**Aim of the task**.
Only the lines holding "obtains" are wanted here; copy each from the listing.

**Data extract**.
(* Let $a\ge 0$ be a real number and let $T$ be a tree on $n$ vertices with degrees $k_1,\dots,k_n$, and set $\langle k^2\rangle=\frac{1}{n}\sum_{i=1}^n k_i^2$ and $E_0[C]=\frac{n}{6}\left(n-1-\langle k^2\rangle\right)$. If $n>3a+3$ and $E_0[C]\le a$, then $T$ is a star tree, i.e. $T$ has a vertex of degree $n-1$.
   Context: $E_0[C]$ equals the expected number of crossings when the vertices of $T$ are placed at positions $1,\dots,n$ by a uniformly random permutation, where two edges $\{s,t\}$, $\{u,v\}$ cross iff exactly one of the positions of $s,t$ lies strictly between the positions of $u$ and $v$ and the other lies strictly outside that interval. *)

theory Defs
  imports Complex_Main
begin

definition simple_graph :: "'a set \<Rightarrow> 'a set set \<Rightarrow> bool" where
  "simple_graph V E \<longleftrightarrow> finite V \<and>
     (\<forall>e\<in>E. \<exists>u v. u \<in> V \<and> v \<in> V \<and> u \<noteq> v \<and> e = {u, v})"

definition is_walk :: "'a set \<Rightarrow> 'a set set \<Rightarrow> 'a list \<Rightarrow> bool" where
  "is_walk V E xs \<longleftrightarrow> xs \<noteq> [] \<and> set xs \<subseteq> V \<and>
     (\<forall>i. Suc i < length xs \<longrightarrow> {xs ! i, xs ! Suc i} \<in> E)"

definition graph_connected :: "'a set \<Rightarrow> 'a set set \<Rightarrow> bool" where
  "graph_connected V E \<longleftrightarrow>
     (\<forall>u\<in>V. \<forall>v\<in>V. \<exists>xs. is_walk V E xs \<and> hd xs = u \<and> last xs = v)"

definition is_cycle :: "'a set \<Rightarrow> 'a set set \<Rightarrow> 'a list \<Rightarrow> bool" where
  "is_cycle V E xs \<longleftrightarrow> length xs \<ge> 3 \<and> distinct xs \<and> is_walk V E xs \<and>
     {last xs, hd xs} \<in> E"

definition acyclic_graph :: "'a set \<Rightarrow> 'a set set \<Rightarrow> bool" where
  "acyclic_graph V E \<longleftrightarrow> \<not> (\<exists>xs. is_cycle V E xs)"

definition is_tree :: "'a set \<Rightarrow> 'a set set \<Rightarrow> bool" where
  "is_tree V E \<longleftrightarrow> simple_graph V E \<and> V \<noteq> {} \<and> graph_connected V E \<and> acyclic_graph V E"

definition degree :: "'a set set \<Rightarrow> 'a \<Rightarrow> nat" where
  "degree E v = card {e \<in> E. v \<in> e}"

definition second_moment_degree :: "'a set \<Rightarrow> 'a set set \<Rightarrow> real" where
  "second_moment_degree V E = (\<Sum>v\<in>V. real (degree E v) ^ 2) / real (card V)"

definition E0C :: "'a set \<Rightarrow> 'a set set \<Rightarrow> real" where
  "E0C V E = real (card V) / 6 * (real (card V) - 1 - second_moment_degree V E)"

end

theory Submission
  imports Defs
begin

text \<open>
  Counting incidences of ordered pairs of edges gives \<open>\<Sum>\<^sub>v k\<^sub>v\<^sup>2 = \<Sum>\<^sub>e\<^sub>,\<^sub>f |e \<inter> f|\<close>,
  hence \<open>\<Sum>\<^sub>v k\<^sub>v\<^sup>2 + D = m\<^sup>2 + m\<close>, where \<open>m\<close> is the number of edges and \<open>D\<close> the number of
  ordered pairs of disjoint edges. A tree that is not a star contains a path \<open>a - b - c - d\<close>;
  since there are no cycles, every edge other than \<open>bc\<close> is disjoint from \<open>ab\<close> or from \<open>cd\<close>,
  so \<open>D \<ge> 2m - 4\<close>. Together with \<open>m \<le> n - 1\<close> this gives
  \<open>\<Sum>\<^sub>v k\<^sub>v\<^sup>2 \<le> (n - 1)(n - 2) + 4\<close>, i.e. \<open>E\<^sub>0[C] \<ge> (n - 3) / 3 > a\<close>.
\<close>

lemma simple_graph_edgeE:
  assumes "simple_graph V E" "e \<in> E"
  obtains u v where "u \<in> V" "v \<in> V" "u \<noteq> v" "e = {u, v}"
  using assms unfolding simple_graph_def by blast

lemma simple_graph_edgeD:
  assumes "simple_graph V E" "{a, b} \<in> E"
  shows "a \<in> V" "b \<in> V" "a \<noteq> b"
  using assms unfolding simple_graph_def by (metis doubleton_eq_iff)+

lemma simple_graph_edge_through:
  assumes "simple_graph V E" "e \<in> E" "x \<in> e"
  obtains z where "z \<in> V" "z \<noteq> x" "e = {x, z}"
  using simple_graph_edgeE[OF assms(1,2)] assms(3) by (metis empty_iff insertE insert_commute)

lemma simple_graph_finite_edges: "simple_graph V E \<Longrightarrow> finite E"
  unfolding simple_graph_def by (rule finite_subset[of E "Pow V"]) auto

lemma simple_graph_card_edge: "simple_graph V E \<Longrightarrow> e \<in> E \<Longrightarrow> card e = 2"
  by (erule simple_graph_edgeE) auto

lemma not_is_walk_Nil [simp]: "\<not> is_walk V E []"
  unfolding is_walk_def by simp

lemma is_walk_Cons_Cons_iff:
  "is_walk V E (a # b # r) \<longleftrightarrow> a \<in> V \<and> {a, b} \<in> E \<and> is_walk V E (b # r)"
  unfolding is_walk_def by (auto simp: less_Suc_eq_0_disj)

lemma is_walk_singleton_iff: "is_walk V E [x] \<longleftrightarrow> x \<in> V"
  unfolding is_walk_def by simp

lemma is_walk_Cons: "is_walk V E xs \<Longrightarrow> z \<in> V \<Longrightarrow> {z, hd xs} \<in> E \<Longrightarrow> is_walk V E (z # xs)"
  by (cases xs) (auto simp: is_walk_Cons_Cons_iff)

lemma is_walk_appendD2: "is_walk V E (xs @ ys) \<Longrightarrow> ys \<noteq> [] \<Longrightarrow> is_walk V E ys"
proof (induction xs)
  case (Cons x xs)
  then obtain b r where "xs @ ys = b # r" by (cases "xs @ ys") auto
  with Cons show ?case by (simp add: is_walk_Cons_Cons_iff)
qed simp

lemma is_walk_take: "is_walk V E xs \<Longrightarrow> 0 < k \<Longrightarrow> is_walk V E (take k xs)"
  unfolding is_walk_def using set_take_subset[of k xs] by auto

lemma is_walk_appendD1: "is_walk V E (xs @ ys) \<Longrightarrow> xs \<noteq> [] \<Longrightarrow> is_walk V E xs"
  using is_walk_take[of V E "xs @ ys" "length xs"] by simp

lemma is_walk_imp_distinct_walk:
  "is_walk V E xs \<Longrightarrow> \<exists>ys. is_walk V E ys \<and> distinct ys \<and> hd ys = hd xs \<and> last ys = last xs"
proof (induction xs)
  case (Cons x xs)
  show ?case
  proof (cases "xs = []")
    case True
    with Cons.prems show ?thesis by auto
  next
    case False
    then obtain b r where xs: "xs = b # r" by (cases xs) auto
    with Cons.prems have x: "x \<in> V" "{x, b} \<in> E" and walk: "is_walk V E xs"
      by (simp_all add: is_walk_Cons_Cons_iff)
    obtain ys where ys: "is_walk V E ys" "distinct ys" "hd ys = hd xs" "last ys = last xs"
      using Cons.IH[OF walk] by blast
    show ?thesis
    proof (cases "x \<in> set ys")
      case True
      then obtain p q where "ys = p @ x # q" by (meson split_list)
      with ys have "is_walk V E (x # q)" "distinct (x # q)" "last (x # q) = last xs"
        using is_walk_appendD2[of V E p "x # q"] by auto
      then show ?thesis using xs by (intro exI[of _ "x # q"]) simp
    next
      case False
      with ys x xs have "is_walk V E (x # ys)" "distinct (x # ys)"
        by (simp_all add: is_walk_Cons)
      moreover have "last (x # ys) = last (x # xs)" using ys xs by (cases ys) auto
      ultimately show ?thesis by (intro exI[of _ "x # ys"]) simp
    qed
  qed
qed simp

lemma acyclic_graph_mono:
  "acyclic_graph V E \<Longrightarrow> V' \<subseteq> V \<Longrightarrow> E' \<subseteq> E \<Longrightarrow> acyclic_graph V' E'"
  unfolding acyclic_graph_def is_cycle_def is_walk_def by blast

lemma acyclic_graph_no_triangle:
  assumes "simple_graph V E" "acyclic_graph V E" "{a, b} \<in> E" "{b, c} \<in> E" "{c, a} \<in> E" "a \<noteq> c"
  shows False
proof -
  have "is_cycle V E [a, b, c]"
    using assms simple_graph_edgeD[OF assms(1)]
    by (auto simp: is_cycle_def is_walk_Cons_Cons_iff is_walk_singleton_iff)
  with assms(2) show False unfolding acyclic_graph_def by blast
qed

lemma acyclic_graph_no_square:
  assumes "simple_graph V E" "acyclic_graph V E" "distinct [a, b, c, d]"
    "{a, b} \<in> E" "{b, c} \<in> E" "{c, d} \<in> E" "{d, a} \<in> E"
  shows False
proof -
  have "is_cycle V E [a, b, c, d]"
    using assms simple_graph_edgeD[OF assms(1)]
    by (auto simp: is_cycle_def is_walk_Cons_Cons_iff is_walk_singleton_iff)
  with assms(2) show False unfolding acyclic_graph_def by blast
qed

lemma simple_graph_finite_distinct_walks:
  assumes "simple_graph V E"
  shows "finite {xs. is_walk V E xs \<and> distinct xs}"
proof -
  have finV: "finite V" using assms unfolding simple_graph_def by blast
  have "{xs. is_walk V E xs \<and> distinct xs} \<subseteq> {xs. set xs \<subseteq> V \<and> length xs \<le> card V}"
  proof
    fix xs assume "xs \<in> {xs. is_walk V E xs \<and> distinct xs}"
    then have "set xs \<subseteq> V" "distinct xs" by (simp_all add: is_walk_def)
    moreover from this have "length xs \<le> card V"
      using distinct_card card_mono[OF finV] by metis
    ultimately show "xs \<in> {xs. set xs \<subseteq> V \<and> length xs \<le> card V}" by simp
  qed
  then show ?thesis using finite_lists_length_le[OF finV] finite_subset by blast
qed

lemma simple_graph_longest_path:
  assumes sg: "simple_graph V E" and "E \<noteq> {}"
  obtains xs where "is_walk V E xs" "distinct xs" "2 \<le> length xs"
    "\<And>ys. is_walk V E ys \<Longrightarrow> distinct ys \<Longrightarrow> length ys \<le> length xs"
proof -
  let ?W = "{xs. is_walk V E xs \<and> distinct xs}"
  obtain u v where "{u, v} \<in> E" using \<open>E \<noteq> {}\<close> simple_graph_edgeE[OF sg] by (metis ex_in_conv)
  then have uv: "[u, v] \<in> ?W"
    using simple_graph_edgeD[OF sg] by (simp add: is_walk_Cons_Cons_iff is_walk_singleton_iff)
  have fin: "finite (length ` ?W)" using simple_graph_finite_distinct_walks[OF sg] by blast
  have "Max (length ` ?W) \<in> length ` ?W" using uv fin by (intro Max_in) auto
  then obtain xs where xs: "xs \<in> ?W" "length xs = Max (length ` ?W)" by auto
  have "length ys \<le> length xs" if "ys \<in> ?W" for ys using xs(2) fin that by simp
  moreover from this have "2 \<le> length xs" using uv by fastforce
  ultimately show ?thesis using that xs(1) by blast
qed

...

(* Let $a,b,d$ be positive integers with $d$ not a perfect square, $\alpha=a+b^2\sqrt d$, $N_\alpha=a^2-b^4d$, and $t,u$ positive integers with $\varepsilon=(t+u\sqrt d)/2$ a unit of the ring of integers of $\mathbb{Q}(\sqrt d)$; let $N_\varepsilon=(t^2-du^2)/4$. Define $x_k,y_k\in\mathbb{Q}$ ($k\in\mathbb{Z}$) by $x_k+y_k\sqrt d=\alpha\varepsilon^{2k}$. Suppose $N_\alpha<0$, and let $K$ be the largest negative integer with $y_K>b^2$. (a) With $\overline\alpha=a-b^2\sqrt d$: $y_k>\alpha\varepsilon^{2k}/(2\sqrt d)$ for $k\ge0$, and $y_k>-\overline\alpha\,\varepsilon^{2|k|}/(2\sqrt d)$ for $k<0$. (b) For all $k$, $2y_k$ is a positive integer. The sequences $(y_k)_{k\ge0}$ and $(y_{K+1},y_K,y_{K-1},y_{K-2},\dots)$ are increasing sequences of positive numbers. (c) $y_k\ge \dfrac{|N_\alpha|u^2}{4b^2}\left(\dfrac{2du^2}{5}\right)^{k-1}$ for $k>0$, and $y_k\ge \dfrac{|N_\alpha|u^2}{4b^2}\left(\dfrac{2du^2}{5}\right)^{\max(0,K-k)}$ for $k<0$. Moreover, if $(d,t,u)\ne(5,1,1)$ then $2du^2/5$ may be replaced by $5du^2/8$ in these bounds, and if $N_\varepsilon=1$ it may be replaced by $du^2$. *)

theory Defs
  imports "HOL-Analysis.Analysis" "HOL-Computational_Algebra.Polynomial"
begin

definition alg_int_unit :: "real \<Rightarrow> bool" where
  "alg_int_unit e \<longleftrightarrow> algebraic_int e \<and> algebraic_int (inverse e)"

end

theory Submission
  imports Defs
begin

* * *

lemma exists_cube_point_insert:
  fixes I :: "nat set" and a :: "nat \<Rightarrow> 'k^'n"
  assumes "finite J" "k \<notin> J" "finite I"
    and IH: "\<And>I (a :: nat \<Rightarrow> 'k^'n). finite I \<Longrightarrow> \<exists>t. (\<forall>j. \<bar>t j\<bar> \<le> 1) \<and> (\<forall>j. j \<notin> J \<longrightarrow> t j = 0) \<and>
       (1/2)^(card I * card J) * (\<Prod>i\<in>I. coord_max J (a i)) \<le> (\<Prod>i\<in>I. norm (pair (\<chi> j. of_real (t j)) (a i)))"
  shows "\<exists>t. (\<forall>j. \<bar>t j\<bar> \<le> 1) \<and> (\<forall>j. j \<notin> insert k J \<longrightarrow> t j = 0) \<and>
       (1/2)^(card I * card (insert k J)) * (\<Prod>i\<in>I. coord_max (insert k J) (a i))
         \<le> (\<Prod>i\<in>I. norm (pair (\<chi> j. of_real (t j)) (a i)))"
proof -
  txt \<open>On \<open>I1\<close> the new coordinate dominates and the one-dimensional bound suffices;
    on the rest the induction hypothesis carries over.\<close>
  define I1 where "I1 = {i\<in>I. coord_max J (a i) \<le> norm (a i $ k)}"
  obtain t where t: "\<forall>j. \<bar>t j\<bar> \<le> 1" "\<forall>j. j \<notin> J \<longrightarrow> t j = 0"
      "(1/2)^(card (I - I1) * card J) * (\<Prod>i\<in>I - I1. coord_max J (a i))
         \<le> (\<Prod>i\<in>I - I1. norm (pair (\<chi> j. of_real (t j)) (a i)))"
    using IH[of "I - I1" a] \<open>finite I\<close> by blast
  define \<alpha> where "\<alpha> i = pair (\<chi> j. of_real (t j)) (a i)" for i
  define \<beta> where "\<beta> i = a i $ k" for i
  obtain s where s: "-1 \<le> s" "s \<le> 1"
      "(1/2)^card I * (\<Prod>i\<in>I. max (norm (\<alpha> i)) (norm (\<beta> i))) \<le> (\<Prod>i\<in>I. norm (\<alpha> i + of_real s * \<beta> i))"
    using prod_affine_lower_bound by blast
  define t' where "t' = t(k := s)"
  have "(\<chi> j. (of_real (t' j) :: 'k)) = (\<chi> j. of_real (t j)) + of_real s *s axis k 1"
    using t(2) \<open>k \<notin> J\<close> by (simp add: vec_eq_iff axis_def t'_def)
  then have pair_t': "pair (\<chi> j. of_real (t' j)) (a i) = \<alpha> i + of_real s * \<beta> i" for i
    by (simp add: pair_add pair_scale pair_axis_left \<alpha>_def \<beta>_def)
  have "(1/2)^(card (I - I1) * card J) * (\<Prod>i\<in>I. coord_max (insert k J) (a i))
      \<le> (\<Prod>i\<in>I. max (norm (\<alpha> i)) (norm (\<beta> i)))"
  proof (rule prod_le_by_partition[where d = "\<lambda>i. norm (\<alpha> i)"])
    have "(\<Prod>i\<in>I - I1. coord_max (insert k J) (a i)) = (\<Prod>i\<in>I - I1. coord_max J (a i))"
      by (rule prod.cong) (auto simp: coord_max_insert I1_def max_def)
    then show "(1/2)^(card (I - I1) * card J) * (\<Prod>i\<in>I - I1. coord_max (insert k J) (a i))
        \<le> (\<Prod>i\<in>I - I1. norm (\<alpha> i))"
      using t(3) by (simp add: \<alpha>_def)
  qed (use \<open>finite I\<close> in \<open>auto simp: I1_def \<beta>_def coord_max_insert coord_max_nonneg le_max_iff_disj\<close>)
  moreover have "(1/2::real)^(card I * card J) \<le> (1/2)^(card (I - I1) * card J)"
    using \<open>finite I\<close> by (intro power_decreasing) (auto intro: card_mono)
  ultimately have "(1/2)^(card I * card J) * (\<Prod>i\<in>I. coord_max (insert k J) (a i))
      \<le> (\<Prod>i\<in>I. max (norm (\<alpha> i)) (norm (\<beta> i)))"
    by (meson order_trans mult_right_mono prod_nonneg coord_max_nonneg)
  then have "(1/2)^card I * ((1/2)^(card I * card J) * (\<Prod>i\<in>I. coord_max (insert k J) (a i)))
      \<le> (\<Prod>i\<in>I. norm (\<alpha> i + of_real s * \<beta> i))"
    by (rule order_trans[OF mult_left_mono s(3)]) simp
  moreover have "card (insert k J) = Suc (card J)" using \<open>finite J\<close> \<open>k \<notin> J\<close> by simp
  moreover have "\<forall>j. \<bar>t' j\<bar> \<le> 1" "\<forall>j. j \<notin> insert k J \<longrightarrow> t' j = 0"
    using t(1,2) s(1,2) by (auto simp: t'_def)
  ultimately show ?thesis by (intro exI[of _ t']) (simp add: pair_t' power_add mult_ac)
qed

**Answer section**.
  obtains u v where "u \<in> V" "v \<in> V" "u \<noteq> v" "e = {u, v}"
  obtains z where "z \<in> V" "z \<noteq> x" "e = {x, z}"
  obtains xs where "is_walk V E xs" "distinct xs" "2 \<le> length xs"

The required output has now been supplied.